Пули скользили под сугробы и брызгали осколками звонкого льда.
Пронесли новых раненых…
— Господин поручик, господин поручик!..
Я поднял голову.
Два санитара, ухватив Едокова под мышки, вели его к окопчику, где, разложив на снегу индивидуальные пакеты, сидел ротный фельдшер. Из его окопчика — в тыл — волочили уже перевязанных. Снег возле окопчика
— Господин поручик!.. Господин поручик, про-ще-вай-те!..
Едоков улыбался. А под ногами у него звенели острые осколки льда…
К вечеру цепь подняли.
— Ура-а-а!..
В лицо бил ветер.
— Ура, танки пошли!..
Я тоже вскочил, пробежал несколько шагов и вдруг повалился.

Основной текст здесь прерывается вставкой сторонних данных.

(* For a meet-semilattice $A$, the following are equivalent: (1) $A$ is proHeyting. (2) $\mathcal{BL}(\mathcal{DM} A) = \mathcal{DM} A$. (3) $\mathrm{p}\mathcal{H}(\mathcal{DM} A) = \mathcal{DM} A$.
   Context: Let $A$ be a meet-semilattice. $\mathcal{DM} A$ is the Dedekind-MacNeille completion of $A$ (the complete lattice of normal ideals $N=N^{u\ell}$ of $A$). A join $\bigvee S$ existing in $A$ is distributive if $a\wedge\bigvee S=\bigvee\{a\wedge s: s\in S\}$ for all $a\in A$; a D-ideal is a downset closed under all distributive joins of its subsets; $\mathcal{BL} A$ (the Bruns-Lakser completion) is the frame of D-ideals of $A$. A relative annihilator of $A$ is a downset $\langle a,b\rangle=\{x\in A: a\wedge x\le b\}$; $\mathcal{R} A$ is the poset of relative annihilators. $A$ is proHeyting if every relative annihilator is a normal ideal. The proHeyting extension $\mathrm{p}\mathcal{H} B$ of a meet-semilattice $B$ is the bounded sublattice of $\mathcal{BL} B$ generated by the relative annihilators of $B$. $A$ is identified with its principal downsets, so $A\le\mathcal{DM} A\le\mathcal{BL} A$; for $A\le B\le\mathcal{BL} A$ one has $\mathcal{BL} B\cong\mathcal{BL} A$, and these are identified (so in particular $\mathcal{BL}(\mathcal{DM} A)=\mathcal{BL} A$), and $\mathcal{R} A$ is identified with its image in $\mathcal{R} B$ via $\langle a,b\rangle_A\mapsto\langle a,b\rangle_B$. *)

theory Defs
  imports Main
begin

text \<open>A meet-semilattice A is the carrier UNIV of a type of class semilattice_inf with (\<le>) and inf;
  its Dedekind-MacNeille completion DM A is the carrier of normal ideals with (\<subseteq>) and (\<inter>).\<close>

definition ubs :: "'b set \<Rightarrow> ('b \<Rightarrow> 'b \<Rightarrow> bool) \<Rightarrow> 'b set \<Rightarrow> 'b set" where
  "ubs P le S = {x \<in> P. \<forall>s\<in>S. le s x}"

definition lbs :: "'b set \<Rightarrow> ('b \<Rightarrow> 'b \<Rightarrow> bool) \<Rightarrow> 'b set \<Rightarrow> 'b set" where
  "lbs P le S = {x \<in> P. \<forall>s\<in>S. le x s}"

definition is_join :: "'b set \<Rightarrow> ('b \<Rightarrow> 'b \<Rightarrow> bool) \<Rightarrow> 'b set \<Rightarrow> 'b \<Rightarrow> bool" where
  "is_join P le S j \<longleftrightarrow> j \<in> ubs P le S \<and> (\<forall>u\<in>ubs P le S. le j u)"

— Ранен! — крикнул надо мной кто-то.
— Ура-а!..
— ааааа-а! — неслось уже далеко над степью. И все тише и тише:
— аааааа!..
Очнулся я в санях.
Над самым моим лицом дышала морда лошади идущих за нами саней. Над ее головой, высоко в небе, метались красные языки пламени. На фоне огня уши лошади казались острыми и черными. Почему-то мне стало страшно, и я отвернулся.
— А!.. Наконец-то!..
В санях рядом со мной, прислонясь к ободням, сидел подпоручик Морозов. Левая рука его была подвязана. Башлыком поверх шаровар была перевязана и его левая нога.
— Очнулись, господин поручик?
— Едоков, и ты?..
— А как же!.. Тело мое ныло.
— Господа, я ранен?.. Тоже?..
— Никуда ты не ранен… Лежи уж!.. Где-то, верст за пять гудела артиллерия. Ближе к нам, то и дело прерывая стрельбу, работал, заикаясь, пулемет.

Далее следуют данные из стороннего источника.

definition exact_two_singletons :: int where
  "exact_two_singletons =
    int (run_pair_hits 1 1) - 4 * int (run_pair_hits 1 2) + 4 * int (run_pair_hits 2 2)"

definition exact_singleton_pair :: int where
  "exact_singleton_pair = int (run_pair_hits 1 2) - 2 * int (run_pair_hits 2 2)"

lemma sum_interior_singleton_weight:
  "(\<Sum>x\<in>hitting {4}. interior_singleton_weight (trace x)) = exact_singleton"
  unfolding interior_singleton_weight_def
  using seven_le_m run_pair_hits_commute[of 2 1]
  by (simp only: sum.distrib sum_subtractf sum_of_bool_subset_trace flip: of_nat_sum)
    (simp add: exact_singleton_def sum_far_run_count hits_eq_run_hits algebra_simps)

lemma sum_interior_pair_weight:
  "(\<Sum>x\<in>hitting {4, 5}. interior_pair_weight (trace x)) = exact_pair"
  unfolding interior_pair_weight_def
  using seven_le_m run_pair_hits_commute[of 2 1]
  by (simp only: sum.distrib sum_subtractf sum_of_bool_subset_trace flip: of_nat_sum)
    (simp add: exact_pair_def sum_far_run_count hits_eq_run_hits algebra_simps)

lemma sum_boundary_singleton_weight:
  "(\<Sum>x\<in>hitting {1}. boundary_singleton_weight (trace x))
    = exact_singleton + exact_pair - exact_two_singletons - exact_singleton_pair"
  unfolding boundary_singleton_weight_def
  using seven_le_m run_pair_hits_commute[of 2 1]
  by (simp only: sum.distrib sum_subtractf sum_of_bool_subset_trace flip: of_nat_sum)
    (simp add: exact_singleton_def exact_pair_def exact_two_singletons_def exact_singleton_pair_def
      sum_far_run_count hits_eq_run_hits; simp add: algebra_simps numeral_2_eq_2)

lemma sum_two_singletons_weight:
  "(\<Sum>x\<in>hitting {2, 6}. two_singletons_weight (trace x)) = exact_two_singletons"
  unfolding two_singletons_weight_def
  using seven_le_m run_pair_hits_commute[of 2 1]
    hits_Un_intervals[of "{2}" "{6}"] hits_Un_intervals[of "{1, 2}" "{6}"]
    hits_Un_intervals[of "{2, 3}" "{6}"] hits_Un_intervals[of "{2}" "{5, 6}"]
    hits_Un_intervals[of "{2}" "{6, 7}"] hits_Un_intervals[of "{1, 2}" "{5, 6}"]
    hits_Un_intervals[of "{1, 2}" "{6, 7}"] hits_Un_intervals[of "{2, 3}" "{5, 6}"]
    hits_Un_intervals[of "{2, 3}" "{6, 7}"]
  by (simp only: sum.distrib sum_subtractf sum_of_bool_subset_trace)
    (simp add: exact_two_singletons_def insert_commute numeral_2_eq_2)

lemma sum_singleton_pair_weight:
  "(\<Sum>x\<in>hitting {2, 6, 7}. singleton_pair_weight (trace x)) = exact_singleton_pair"
  unfolding singleton_pair_weight_def
  using seven_le_m run_pair_hits_commute[of 2 1] hits_Un_intervals[of "{2}" "{6, 7}"]
    hits_Un_intervals[of "{1, 2}" "{6, 7}"] hits_Un_intervals[of "{2, 3}" "{6, 7}"]
  by (simp only: sum.distrib sum_subtractf sum_of_bool_subset_trace)
    (simp add: exact_singleton_pair_def insert_commute numeral_2_eq_2)

lemma nonconsecutive_triple_not_subset_trace:
  assumes "x \<in> U" "i + 2 \<le> j" "j + 2 \<le> k"
  shows "\<not> {i, j, k} \<subseteq> trace x"
  using no_nonconsecutive_triple_trace[OF assms(1)] assms(2,3) unfolding no_nonconsecutive_triple_def
  by blast

lemma exact_singleton_nonneg: "0 \<le> exact_singleton"
  unfolding sum_interior_singleton_weight[symmetric]
  by (rule sum_nonneg)
    (simp add: hitting_def interior_singleton_weight_nonneg short_run_shape_trace zero_notin_trace)

lemma exact_pair_nonneg: "0 \<le> exact_pair"
  unfolding sum_interior_pair_weight[symmetric]
  by (rule sum_nonneg) (simp add: hitting_def interior_pair_weight_nonneg short_run_shape_trace)

lemma exact_two_runs_le_exact_one_run:
  "exact_two_singletons + exact_singleton_pair \<le> exact_singleton + exact_pair"
proof -
  have "0 \<le> (\<Sum>x\<in>hitting {1}. boundary_singleton_weight (trace x))"
    by (rule sum_nonneg)
      (simp add: hitting_def boundary_singleton_weight_nonneg short_run_shape_trace zero_notin_trace)
  then show ?thesis
    unfolding sum_boundary_singleton_weight by linarith
qed

lemma exact_two_singletons_nonneg: "0 \<le> exact_two_singletons"
  unfolding sum_two_singletons_weight[symmetric]
proof (rule sum_nonneg)
  fix x
  assume "x \<in> hitting {2, 6}"
  then have "x \<in> U" "{2, 6} \<subseteq> trace x"
    by (auto simp: hitting_def)
  then show "0 \<le> two_singletons_weight (trace x)"
    using nonconsecutive_triple_not_subset_trace[of x 1 3 6]
      nonconsecutive_triple_not_subset_trace[of x 2 5 7]
    by (intro two_singletons_weight_nonneg) auto
qed

lemma exact_singleton_pair_nonneg: "0 \<le> exact_singleton_pair"
  unfolding sum_singleton_pair_weight[symmetric]
proof (rule sum_nonneg)
  fix x
  assume "x \<in> hitting {2, 6, 7}"
  then have "x \<in> U" "{2, 6, 7} \<subseteq> trace x"
    by (auto simp: hitting_def)
  then show "0 \<le> singleton_pair_weight (trace x)"
    using nonconsecutive_triple_not_subset_trace[of x 1 3 6] by (intro singleton_pair_weight_nonneg) auto
qed

lemma double_card_U_eq:
  "2 * int (card U) = 2 * int m * exact_singleton + 2 * (int m + 1) * exact_pair
    + (int m * int m - 3 * int m - 2) * exact_two_singletons
    + 2 * (int m + 1) * (int m - 2) * exact_singleton_pair
    + int m * (int m + 1) * int (run_pair_hits 2 2)"
proof -
  define K1 K2 K3 where "K1 = int ((m - 1) choose 2)" and "K2 = int ((m - 2) choose 2)"
    and "K3 = int ((m - 3) choose 2)"
  have K: "2 * K1 = (int m - 1) * (int m - 2)" "2 * K2 = (int m - 2) * (int m - 3)"
    "2 * K3 = (int m - 3) * (int m - 4)"
    unfolding K1_def K2_def K3_def using seven_le_m two_mul_int_choose_two[of "m - 1"]
      two_mul_int_choose_two[of "m - 2"] two_mul_int_choose_two[of "m - 3"]
    by simp_all
  have "2 * int (card U) = 2 * int m * int (run_hits 1) - 2 * int (m - 1) * int (run_hits 2)
    + 2 * int (m - 2) * int (run_hits 3) - 2 * int (m - 3) * int (run_hits 4)
    - (2 * K1) * int (run_pair_hits 1 1) + 2 * (2 * K2) * int (run_pair_hits 1 2)
    - (2 * K3) * int (run_pair_hits 2 2)"
    unfolding card_U_eq K1_def K2_def K3_def by (simp add: algebra_simps)
  also have "\<dots> = 2 * int m * int (run_hits 1) - 2 * int (m - 1) * int (run_hits 2)
    + 2 * int (m - 2) * int (run_hits 3) - 2 * int (m - 3) * int (run_hits 4)
    - (int m - 1) * (int m - 2) * int (run_pair_hits 1 1)
    + 2 * ((int m - 2) * (int m - 3)) * int (run_pair_hits 1 2)
    - (int m - 3) * (int m - 4) * int (run_pair_hits 2 2)"
    by (simp only: K)
  finally show ?thesis
    using seven_le_m
    by (simp add: exact_singleton_def exact_pair_def exact_two_singletons_def exact_singleton_pair_def
        algebra_simps)
qed

end

theorem lemma4p26:
  fixes U :: "'a set" and A :: "nat \<Rightarrow> 'a set" and m :: nat
  assumes "is_set_system U A m"
    and "complete_system U A m"
    and "harmonic U A m"
    and "card U < m * (m - 2)"
    and "m \<ge> 51"
    and "\<forall>I. I \<subseteq> {1..m} \<and> card I = 3 \<and> nonconsecutive I \<longrightarrow> HI U A I = {}"
  shows "\<exists>a b c d :: nat. card U = a * m + b * (m + 1) + c * (m choose 2)
           + d * ((m + 1) * (m - 2) div 2)"
proof -
  interpret harmonic_trace_system U A m
    using assms by unfold_locales (auto simp: is_set_system_def)
  show ?thesis
    using assms(4,5) exact_singleton_nonneg exact_pair_nonneg exact_two_singletons_nonneg
      exact_singleton_pair_nonneg exact_two_runs_le_exact_one_run double_card_U_eq
    by (intro nat_combination_if_weighted_sum_small[of m "card U" exact_singleton exact_pair
          exact_two_singletons exact_singleton_pair "int (run_pair_hits 2 2)"]) auto
qed

end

— Подпоручик Морозов, где мы?
— В ротном обозе…
— Нет, что за город?
— Ростов. Сдаем…
Над крышами побежало пламя.
…Потом я вновь проснулся.
— Новочеркасск, говорят, пал… — рассказывал мне подпоручик Морозов. Думаю, оттого так спешно и драпали… А спасибо, брат, Зотову скажешь, — он тебя вынес.
— А многих ранило?
— Да… Порядком!..
— А Нартов?..
— Да лежи уж!
— Нет, я не лягу! Слушай, что с Нартовым?
— Да говорю, лежи ты!..
Подпоручик Морозов отвернулся и на вопросы больше не отвечал.
По темным улицам бежали люди…
Маленькая сестра на санях за нами вдруг приподнялась и замерла, перегнувшись.
— Смотрите, смотрите!..
На фонарях, перед каким-то зданием, кажется, перед театром, болтались длинные и как доски плоские фигуры. За ними, на стене театра, дробясь и ломаясь о подоконники, маячили их красные от рваного огня тени.
Маленькая сестра в санях за нами упала на солому.
— Раз, два, три… — считал Зотов. — Пять… Восемь…
Это были местные большевики, на прощанье повешенные генералом Кутеповым, принявшим командование над сведенной в корпус Добровольческой армией.
Мы уже перешли Дон.
К Батайску стягивались донцы, мы, добровольцы, и еще не ушедшие с фронта кубанские части.
Было холодно.
Я лежал на санях, прикрытый соломой, какими-то тряпками и латаными мешками.
Наконец, только утром второго дня, я узнал у него о судьбе Нартова.
При отступлении, когда наши танки почему-то остановились и сбитые шрапнелью цепи стали спешно отходить на Чалтырь, Нартову отсекло подбородок.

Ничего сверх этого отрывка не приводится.